● **EXERCISE DIRECTIONS**
Identify all lines below that hold "rule" and collect them.

● **GIVEN RECORDS**
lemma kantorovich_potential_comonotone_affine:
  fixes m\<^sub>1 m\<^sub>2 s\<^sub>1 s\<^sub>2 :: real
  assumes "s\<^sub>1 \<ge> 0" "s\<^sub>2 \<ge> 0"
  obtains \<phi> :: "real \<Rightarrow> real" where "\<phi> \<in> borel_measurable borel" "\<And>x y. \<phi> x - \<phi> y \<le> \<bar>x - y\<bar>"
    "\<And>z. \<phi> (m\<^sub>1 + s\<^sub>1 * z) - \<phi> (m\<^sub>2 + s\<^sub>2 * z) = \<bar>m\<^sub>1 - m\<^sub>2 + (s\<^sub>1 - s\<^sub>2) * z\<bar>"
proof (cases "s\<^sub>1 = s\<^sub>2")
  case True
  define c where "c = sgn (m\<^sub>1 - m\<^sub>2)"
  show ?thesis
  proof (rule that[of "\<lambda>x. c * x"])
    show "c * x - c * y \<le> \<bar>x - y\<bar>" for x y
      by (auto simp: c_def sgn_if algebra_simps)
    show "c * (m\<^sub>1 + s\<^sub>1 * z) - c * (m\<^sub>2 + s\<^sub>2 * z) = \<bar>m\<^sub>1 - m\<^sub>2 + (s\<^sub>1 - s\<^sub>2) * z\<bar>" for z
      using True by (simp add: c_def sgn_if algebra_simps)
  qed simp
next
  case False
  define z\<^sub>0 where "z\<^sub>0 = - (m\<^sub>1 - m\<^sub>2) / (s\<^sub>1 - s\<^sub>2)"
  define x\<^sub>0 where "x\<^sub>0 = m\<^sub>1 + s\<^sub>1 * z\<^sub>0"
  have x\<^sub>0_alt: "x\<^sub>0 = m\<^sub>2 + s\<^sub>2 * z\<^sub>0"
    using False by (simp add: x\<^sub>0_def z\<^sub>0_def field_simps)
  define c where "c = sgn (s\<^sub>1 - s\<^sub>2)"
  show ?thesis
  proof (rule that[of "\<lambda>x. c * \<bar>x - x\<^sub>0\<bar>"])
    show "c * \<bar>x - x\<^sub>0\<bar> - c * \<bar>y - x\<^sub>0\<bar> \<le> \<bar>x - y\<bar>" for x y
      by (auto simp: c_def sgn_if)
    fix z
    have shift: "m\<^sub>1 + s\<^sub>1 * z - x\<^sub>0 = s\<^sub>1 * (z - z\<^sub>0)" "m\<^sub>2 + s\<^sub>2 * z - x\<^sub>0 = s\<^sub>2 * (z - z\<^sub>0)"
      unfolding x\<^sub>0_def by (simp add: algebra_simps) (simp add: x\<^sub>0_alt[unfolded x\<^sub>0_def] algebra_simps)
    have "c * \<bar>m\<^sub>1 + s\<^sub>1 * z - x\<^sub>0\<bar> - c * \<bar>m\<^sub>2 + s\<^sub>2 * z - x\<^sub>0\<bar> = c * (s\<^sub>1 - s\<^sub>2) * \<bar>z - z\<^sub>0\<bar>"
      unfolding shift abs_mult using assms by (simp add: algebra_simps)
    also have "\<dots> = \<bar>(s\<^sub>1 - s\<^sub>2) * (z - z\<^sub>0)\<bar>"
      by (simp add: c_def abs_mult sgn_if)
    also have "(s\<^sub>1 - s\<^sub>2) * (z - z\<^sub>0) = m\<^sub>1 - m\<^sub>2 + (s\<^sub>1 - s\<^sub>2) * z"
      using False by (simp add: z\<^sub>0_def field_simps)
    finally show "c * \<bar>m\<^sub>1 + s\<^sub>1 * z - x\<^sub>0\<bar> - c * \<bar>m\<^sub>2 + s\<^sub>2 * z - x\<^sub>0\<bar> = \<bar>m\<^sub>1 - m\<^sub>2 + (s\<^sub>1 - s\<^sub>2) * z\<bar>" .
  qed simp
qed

● **SOLUTION TO THIS EXERCISE**
  proof (rule that[of "\<lambda>x. c * x"])
  proof (rule that[of "\<lambda>x. c * \<bar>x - x\<^sub>0\<bar>"])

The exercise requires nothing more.